Exercise inputs START

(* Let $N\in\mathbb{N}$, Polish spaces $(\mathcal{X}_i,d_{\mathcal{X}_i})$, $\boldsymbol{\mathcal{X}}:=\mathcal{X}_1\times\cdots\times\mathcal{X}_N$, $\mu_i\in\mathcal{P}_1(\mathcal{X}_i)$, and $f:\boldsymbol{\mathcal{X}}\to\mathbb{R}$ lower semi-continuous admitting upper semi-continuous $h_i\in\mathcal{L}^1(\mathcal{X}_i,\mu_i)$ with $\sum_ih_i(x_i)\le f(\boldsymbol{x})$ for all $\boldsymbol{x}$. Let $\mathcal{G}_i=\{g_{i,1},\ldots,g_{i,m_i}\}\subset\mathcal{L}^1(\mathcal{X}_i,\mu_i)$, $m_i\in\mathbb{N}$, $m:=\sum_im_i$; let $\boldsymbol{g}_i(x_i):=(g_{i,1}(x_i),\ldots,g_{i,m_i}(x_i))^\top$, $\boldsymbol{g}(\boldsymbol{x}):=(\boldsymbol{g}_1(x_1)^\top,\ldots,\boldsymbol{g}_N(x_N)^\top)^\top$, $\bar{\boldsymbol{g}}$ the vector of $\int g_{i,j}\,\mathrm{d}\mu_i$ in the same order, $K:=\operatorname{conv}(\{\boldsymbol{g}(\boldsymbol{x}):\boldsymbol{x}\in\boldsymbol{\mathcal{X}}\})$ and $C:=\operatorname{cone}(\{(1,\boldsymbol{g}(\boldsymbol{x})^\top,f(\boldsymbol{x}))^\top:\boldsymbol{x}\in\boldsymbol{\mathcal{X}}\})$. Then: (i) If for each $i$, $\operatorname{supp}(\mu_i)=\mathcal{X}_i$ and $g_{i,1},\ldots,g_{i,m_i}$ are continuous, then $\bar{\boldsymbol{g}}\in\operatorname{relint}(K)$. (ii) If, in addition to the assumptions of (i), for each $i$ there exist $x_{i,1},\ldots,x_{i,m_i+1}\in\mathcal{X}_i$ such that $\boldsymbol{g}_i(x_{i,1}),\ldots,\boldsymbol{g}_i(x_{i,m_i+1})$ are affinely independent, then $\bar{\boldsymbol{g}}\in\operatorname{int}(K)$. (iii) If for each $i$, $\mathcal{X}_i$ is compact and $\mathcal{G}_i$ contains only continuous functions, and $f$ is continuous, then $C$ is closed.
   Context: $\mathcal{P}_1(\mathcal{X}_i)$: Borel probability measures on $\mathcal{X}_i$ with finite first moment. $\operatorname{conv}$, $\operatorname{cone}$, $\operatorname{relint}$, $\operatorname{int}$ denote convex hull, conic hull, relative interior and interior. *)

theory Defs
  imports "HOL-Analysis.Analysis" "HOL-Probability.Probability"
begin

Exercise inputs END
Exercise inputs START

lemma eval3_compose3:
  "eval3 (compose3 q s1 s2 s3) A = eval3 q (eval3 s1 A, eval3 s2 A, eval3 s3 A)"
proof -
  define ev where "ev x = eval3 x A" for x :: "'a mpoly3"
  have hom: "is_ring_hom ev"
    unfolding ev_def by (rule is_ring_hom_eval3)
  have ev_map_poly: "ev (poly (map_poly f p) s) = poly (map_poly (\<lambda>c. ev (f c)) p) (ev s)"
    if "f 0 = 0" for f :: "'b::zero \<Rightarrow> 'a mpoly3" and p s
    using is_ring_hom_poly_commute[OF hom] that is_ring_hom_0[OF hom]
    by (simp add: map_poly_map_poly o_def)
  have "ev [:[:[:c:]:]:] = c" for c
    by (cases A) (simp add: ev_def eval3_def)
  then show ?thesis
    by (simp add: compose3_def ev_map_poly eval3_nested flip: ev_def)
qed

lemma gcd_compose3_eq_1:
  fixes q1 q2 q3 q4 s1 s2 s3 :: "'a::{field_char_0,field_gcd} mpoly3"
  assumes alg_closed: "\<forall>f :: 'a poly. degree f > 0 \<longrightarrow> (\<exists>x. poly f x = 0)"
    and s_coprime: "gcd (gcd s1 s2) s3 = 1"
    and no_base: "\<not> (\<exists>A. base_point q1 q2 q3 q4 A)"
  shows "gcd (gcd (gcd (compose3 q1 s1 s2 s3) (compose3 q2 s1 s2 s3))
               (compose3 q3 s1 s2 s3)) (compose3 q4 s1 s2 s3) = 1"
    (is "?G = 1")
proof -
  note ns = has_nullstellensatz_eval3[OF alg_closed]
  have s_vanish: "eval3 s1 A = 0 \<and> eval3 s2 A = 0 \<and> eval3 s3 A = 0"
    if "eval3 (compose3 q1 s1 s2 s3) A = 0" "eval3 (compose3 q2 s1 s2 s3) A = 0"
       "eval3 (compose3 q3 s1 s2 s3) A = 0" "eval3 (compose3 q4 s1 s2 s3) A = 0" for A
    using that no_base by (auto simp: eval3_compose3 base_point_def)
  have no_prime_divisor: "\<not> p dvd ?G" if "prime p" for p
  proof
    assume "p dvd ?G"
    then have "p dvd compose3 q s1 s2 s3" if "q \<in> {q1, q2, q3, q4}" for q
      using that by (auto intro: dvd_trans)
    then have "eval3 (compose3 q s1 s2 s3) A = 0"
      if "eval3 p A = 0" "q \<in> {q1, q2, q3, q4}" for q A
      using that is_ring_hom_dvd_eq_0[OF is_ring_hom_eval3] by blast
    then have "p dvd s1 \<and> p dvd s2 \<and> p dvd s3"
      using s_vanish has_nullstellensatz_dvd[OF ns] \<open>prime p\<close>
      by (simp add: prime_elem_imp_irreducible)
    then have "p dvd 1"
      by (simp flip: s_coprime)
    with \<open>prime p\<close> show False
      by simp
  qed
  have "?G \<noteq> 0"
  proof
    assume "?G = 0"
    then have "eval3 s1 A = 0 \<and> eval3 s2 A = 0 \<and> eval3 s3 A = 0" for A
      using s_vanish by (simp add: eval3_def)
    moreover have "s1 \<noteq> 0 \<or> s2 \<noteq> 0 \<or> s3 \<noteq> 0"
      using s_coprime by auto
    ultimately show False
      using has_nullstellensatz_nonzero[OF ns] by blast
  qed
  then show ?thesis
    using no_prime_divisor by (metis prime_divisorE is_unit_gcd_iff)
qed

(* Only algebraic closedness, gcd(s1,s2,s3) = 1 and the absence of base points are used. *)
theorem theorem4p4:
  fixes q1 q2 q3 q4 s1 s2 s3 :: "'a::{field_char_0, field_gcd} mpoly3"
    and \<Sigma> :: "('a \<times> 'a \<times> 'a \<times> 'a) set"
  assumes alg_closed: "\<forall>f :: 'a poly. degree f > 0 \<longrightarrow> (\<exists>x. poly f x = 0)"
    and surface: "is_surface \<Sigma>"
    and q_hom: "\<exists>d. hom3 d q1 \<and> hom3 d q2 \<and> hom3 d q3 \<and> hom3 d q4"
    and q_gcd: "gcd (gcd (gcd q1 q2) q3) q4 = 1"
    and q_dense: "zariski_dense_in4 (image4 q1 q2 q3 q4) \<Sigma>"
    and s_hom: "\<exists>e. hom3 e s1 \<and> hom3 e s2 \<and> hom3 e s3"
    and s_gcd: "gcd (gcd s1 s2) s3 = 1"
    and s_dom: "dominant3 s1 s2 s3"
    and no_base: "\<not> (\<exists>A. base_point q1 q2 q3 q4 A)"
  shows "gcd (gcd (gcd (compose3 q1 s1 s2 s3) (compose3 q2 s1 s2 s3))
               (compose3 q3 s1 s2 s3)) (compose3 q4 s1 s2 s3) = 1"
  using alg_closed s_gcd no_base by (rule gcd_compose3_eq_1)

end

Exercise inputs END

— Task requirements —
All lines in the records above that contain "noteq" are to be reported.

— Expected output —
  have "?G \<noteq> 0"
    moreover have "s1 \<noteq> 0 \<or> s2 \<noteq> 0 \<or> s3 \<noteq> 0"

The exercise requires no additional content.